Common Self-Query Failure Modes

Hallucinated attribute values: LLM invents filter values not in your schema. Validate all extracted values against an allowlist:

VALID_DEPARTMENTS = {"engineering", "legal", "finance", "marketing", "hr"}

def validate_filter(filter_dict: dict) -> dict:
    if "department" in filter_dict:
        if filter_dict["department"] not in VALID_DEPARTMENTS:
            del filter_dict["department"]  # drop invalid filter, don't fail
    return filter_dict

Over-filtering: LLM extracts too many constraints, reducing recall to zero.

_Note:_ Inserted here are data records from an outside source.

(* Let $G$ be a finite group and $p$ a prime. Then \[ \chi(\mathcal F^*_G)=|G|^{-1}\sum_{x\in G}\chi(\mathcal S^*_{C_G(x)}). \]
   Context: $\mathcal F^*_G$ is the category whose objects are the nonidentity $p$-subgroups of $G$, with $\mathcal F^*_G(H,K)=C_G(H)\backslash N_G(H,K)$, $N_G(H,K)=\{g\in G:g^{-1}Hg\le K\}$, composition induced by multiplication. For a finite group $X$, $\mathcal S^*_X$ is the poset of nonidentity $p$-subgroups of $X$ under inclusion. $\chi$ is Leinster's Euler characteristic: for a finite category $\mathcal C$, a weighting is $k^\bullet$ with $\sum_b|\mathcal C(a,b)|k^b=1$ for all $a$, a coweighting is $k_\bullet$ with $\sum_ak_a|\mathcal C(a,b)|=1$ for all $b$, and if both exist $\chi(\mathcal C)=\sum_bk^b=\sum_ak_a$ (for a finite poset, the sum of all values of the Möbius function; $0$ if empty). *)

theory Defs
  imports "HOL-Algebra.Algebra"
begin

(* Leinster Euler characteristic of a finite category, which only depends on the
   finite object set Ob and the hom-set cardinalities zeta a b = |C(a,b)|. *)
definition is_weighting :: "'o set \<Rightarrow> ('o \<Rightarrow> 'o \<Rightarrow> nat) \<Rightarrow> ('o \<Rightarrow> rat) \<Rightarrow> bool" where
  "is_weighting Ob zeta k \<longleftrightarrow> (\<forall>a\<in>Ob. (\<Sum>b\<in>Ob. of_nat (zeta a b) * k b) = 1)"

definition is_coweighting :: "'o set \<Rightarrow> ('o \<Rightarrow> 'o \<Rightarrow> nat) \<Rightarrow> ('o \<Rightarrow> rat) \<Rightarrow> bool" where
  "is_coweighting Ob zeta k \<longleftrightarrow> (\<forall>b\<in>Ob. (\<Sum>a\<in>Ob. k a * of_nat (zeta a b)) = 1)"

definition has_euler_char :: "'o set \<Rightarrow> ('o \<Rightarrow> 'o \<Rightarrow> nat) \<Rightarrow> bool" where
  "has_euler_char Ob zeta \<longleftrightarrow> (\<exists>k. is_weighting Ob zeta k) \<and> (\<exists>k. is_coweighting Ob zeta k)"

definition euler_char :: "'o set \<Rightarrow> ('o \<Rightarrow> 'o \<Rightarrow> nat) \<Rightarrow> rat" where
  "euler_char Ob zeta = (\<Sum>b\<in>Ob. (SOME k. is_weighting Ob zeta k) b)"

definition nonid_p_subgroups :: "('a, 'b) monoid_scheme \<Rightarrow> nat \<Rightarrow> 'a set set" where
  "nonid_p_subgroups G p = {H. subgroup H G \<and> (\<exists>n. card H = p ^ n) \<and> H \<noteq> {\<one>\<^bsub>G\<^esub>}}"

definition centralizer_set :: "('a, 'b) monoid_scheme \<Rightarrow> 'a set \<Rightarrow> 'a set" where
  "centralizer_set G H = {g \<in> carrier G. \<forall>h\<in>H. g \<otimes>\<^bsub>G\<^esub> h = h \<otimes>\<^bsub>G\<^esub> g}"

definition transporter :: "('a, 'b) monoid_scheme \<Rightarrow> 'a set \<Rightarrow> 'a set \<Rightarrow> 'a set" where
  "transporter G H K = {g \<in> carrier G. (\<lambda>h. inv\<^bsub>G\<^esub> g \<otimes>\<^bsub>G\<^esub> h \<otimes>\<^bsub>G\<^esub> g) ` H \<subseteq> K}"

(* |F*_G(H,K)| = |C_G(H) \ N_G(H,K)|: number of right cosets C_G(H) g, g in N_G(H,K) *)
definition fusion_hom_card :: "('a, 'b) monoid_scheme \<Rightarrow> 'a set \<Rightarrow> 'a set \<Rightarrow> nat" where
  "fusion_hom_card G H K = card ((\<lambda>g. r_coset G (centralizer_set G H) g) ` transporter G H K)"

definition fusion_chi_defined :: "('a, 'b) monoid_scheme \<Rightarrow> nat \<Rightarrow> bool" where
  "fusion_chi_defined G p = has_euler_char (nonid_p_subgroups G p) (fusion_hom_card G)"

definition fusion_chi :: "('a, 'b) monoid_scheme \<Rightarrow> nat \<Rightarrow> rat" where
  "fusion_chi G p = euler_char (nonid_p_subgroups G p) (fusion_hom_card G)"

definition poset_chi :: "('a, 'b) monoid_scheme \<Rightarrow> nat \<Rightarrow> rat" where
  "poset_chi G p = euler_char (nonid_p_subgroups G p) (\<lambda>H K. of_bool (H \<subseteq> K))"

end

theory Submission
  imports Defs
begin

(* A morphism H -> K of F*_G is a coset of C_G(H) in N_G(H,K), so
   |F*_G(H,K)| = #{g. g^-1 H g <= K} / |C_G(H)|.  Conjugation permutes the nonidentity
   p-subgroups and preserves the orders of their centralisers.  Hence a solution w of
   sum_K [H <= K] w(K) = |C_G(H)|/|G| on the poset S*_G is a weighting of F*_G, and for a
   coweighting v of S*_G the function H |-> |C_G(H)| v(H)/|G| is a coweighting of F*_G; both
   exist because the zeta matrix of a finite poset is unitriangular.  Therefore
     chi(F*_G) = |G|^-1 sum_H |C_G(H)| v(H) = |G|^-1 sum_x sum_{H <= C_G(x)} v(H),
   and the inner sum is chi(S*_{C_G(x)}), since S*_{C_G(x)} is a down-closed subposet of S*_G
   on which v restricts to a coweighting. *)

lemma weighting_sum_eq_coweighting_sum:
  assumes "finite Ob" "is_weighting Ob zeta k" "is_coweighting Ob zeta k'"
  shows "sum k Ob = sum k' Ob"
proof -
  have "sum k Ob = (\<Sum>b\<in>Ob. (\<Sum>a\<in>Ob. k' a * of_nat (zeta a b)) * k b)"
    using assms(3) unfolding is_coweighting_def by simp
  also have "\<dots> = (\<Sum>a\<in>Ob. k' a * (\<Sum>b\<in>Ob. of_nat (zeta a b) * k b))"
    by (simp add: sum_distrib_left sum_distrib_right mult.assoc) (rule sum.swap)
  also have "\<dots> = sum k' Ob"
    using assms(2) unfolding is_weighting_def by simp
  finally show ?thesis .
qed

lemma euler_char_eq_coweighting_sum:
  assumes "finite Ob" "\<exists>k. is_weighting Ob zeta k" "is_coweighting Ob zeta k'"
  shows "euler_char Ob zeta = sum k' Ob"
  unfolding euler_char_def
  using weighting_sum_eq_coweighting_sum[OF assms(1) someI_ex[OF assms(2)] assms(3)] .

lemma unitriangular_system_solvable:
  fixes R :: "'a \<Rightarrow> 'a \<Rightarrow> bool" and t :: "'a \<Rightarrow> 'b::ring_1"
  assumes "finite Ob"
    and R_refl: "\<And>a. a \<in> Ob \<Longrightarrow> R a a"
    and minimal: "\<And>A. A \<subseteq> Ob \<Longrightarrow> A \<noteq> {} \<Longrightarrow> \<exists>m\<in>A. \<forall>a\<in>A. R a m \<longrightarrow> a = m"
  shows "\<exists>k. \<forall>a\<in>Ob. (\<Sum>b\<in>Ob. of_bool (R a b) * k b) = t a"
  using \<open>finite Ob\<close>
proof (induction rule: finite_remove_induct)
  case empty
  then show ?case by simp
next
  case (remove A)
  \<comment> \<open>Only row \<open>m\<close> of the system involves \<open>k m\<close>, with coefficient 1.\<close>
  obtain m where m: "m \<in> A" and m_min: "\<And>a. a \<in> A \<Longrightarrow> R a m \<Longrightarrow> a = m"
    using minimal[OF remove(3,2)] by blast
  obtain k where k: "\<And>a. a \<in> A - {m} \<Longrightarrow> (\<Sum>b\<in>A - {m}. of_bool (R a b) * k b) = t a"
    using remove.IH[OF m] by blast
  define k' where "k' = k(m := t m - (\<Sum>b\<in>A - {m}. of_bool (R m b) * k b))"
  have row_split: "(\<Sum>b\<in>A. of_bool (R a b) * k' b)
      = of_bool (R a m) * k' m + (\<Sum>b\<in>A - {m}. of_bool (R a b) * k b)" for a
  proof -
    have "(\<Sum>b\<in>A - {m}. of_bool (R a b) * k' b) = (\<Sum>b\<in>A - {m}. of_bool (R a b) * k b)"
      by (rule sum.cong[OF refl]) (simp add: k'_def)
    with sum.remove[OF \<open>finite A\<close> m, of "\<lambda>b. of_bool (R a b) * k' b"] show ?thesis
      by (simp only:)
  qed
  have "(\<Sum>b\<in>A. of_bool (R a b) * k' b) = t a" if "a \<in> A" for a
  proof (cases "a = m")
    case True
    have "R m m" using R_refl m remove(3) by blast
    then have "(\<Sum>b\<in>A. of_bool (R m b) * k' b) = k' m + (\<Sum>b\<in>A - {m}. of_bool (R m b) * k b)"
      using row_split[of m] by simp
    also have "\<dots> = t m" by (simp add: k'_def)
    finally show ?thesis using True by simp
  next
    case False
    then have "\<not> R a m" using m_min that by blast
    then have "(\<Sum>b\<in>A. of_bool (R a b) * k' b) = (\<Sum>b\<in>A - {m}. of_bool (R a b) * k b)"
      using row_split[of a] by simp
    also have "\<dots> = t a" using k False that by blast
    finally show ?thesis .
  qed
  then show ?case by blast
qed

lemma poset_zeta_solvable:
  fixes Ob :: "'a::order set" and t :: "'a \<Rightarrow> 'b::ring_1"
  assumes "finite Ob"
  shows "\<exists>k. \<forall>a\<in>Ob. (\<Sum>b\<in>Ob. of_bool (a \<le> b) * k b) = t a"
proof (rule unitriangular_system_solvable[OF assms])
  fix A assume "A \<subseteq> Ob" "A \<noteq> {}"
  then obtain m where "m \<in> A" "\<forall>a\<in>A. a \<le> m \<longrightarrow> m = a"
    using finite_has_minimal[OF finite_subset[OF _ assms]] by meson
  then show "\<exists>m\<in>A. \<forall>a\<in>A. a \<le> m \<longrightarrow> a = m" by auto
qed simp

Implement a fallback: if filtered results < 3, drop most selective filters and retry.

def safe_self_query(query, retriever, min_results=3):
    results = retriever.invoke(query)
    if len(results) < min_results:
        # Fallback to pure semantic search
        return vectorstore.similarity_search(query, k=10)
    return results

2025 Trend: Schema-Free Self-Query

Emerging approaches use LLMs to infer the metadata schema from examples of existing documents rather than requiring manual schema definition. The LLM reads a sample of documents, infers what structured attributes are available, and generates its own attribute descriptions. This dramatically reduces setup time for new document corpora.

Self-query retrieval is the bridge between natural language interfaces and structured data. When your users naturally express constraints (“from last year”, “under 10 pages”, “by the legal team”), self-query automatically translates those constraints into precise filters — no query parsing code required.